INPUT FOR THIS TASK.
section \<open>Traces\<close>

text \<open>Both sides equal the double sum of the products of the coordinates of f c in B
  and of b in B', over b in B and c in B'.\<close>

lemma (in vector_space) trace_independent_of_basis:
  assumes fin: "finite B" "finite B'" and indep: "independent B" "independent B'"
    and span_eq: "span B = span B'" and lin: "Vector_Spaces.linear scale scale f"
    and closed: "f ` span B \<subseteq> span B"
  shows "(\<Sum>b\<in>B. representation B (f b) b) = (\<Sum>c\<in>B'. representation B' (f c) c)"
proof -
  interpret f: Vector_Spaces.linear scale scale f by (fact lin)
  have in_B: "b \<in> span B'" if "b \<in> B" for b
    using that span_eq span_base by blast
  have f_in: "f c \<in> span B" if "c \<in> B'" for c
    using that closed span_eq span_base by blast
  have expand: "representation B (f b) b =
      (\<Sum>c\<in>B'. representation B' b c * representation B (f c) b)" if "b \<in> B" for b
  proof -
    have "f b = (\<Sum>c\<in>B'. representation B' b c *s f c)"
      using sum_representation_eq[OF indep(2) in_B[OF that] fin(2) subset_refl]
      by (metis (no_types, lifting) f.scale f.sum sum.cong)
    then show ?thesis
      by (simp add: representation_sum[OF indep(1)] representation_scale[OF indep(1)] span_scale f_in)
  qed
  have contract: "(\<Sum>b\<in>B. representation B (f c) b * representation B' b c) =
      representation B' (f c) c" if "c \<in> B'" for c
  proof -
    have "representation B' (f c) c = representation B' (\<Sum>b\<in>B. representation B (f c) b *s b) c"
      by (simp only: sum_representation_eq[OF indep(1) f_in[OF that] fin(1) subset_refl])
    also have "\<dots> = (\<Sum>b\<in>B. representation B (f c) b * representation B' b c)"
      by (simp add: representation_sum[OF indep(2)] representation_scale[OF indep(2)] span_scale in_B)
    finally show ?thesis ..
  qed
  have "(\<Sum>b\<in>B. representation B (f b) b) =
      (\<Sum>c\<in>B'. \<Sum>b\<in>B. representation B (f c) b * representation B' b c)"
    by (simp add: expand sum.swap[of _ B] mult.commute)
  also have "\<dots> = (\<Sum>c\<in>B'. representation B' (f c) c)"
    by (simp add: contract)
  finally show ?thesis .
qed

...

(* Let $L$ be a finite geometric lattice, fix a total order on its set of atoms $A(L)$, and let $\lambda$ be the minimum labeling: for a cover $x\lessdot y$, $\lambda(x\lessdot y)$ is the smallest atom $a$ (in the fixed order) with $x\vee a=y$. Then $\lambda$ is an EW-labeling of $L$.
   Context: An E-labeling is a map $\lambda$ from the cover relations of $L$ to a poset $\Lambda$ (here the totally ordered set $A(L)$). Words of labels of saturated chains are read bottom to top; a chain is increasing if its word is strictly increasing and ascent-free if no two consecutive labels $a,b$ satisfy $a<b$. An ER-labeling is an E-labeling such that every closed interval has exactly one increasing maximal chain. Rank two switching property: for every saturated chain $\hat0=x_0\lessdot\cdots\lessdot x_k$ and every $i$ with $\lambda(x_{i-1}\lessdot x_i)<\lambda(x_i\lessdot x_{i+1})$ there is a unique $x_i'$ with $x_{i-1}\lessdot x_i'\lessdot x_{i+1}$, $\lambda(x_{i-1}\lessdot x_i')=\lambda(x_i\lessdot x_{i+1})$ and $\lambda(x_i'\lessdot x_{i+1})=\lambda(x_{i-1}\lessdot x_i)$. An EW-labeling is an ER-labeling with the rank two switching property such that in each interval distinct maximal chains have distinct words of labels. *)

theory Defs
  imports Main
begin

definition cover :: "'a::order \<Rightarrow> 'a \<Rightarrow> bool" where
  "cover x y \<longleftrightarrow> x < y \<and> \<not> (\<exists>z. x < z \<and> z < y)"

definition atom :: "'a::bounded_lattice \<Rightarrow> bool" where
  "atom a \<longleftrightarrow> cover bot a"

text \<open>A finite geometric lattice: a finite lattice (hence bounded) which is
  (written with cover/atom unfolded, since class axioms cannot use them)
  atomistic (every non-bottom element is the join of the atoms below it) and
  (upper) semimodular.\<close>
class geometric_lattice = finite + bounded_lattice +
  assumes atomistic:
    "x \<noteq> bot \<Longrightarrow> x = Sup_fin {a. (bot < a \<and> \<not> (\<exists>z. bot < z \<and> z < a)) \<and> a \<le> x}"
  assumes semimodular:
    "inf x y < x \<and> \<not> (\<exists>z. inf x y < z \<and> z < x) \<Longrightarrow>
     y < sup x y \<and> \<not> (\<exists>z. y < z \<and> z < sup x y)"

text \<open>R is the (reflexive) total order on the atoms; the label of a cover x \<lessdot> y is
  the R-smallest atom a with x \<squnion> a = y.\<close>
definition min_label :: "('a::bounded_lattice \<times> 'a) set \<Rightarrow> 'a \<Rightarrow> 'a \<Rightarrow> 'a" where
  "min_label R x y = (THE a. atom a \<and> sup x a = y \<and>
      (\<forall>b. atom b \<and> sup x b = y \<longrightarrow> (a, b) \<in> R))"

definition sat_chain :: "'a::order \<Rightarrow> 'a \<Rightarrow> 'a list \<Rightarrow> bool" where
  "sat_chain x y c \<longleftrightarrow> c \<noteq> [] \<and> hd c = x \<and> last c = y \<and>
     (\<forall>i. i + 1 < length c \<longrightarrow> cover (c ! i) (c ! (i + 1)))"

REQUIRED WORK. From the listing above, return every line that carries the string "thesis".

YOUR SOLUTION.
    then show ?thesis
    finally show ?thesis ..
  finally show ?thesis .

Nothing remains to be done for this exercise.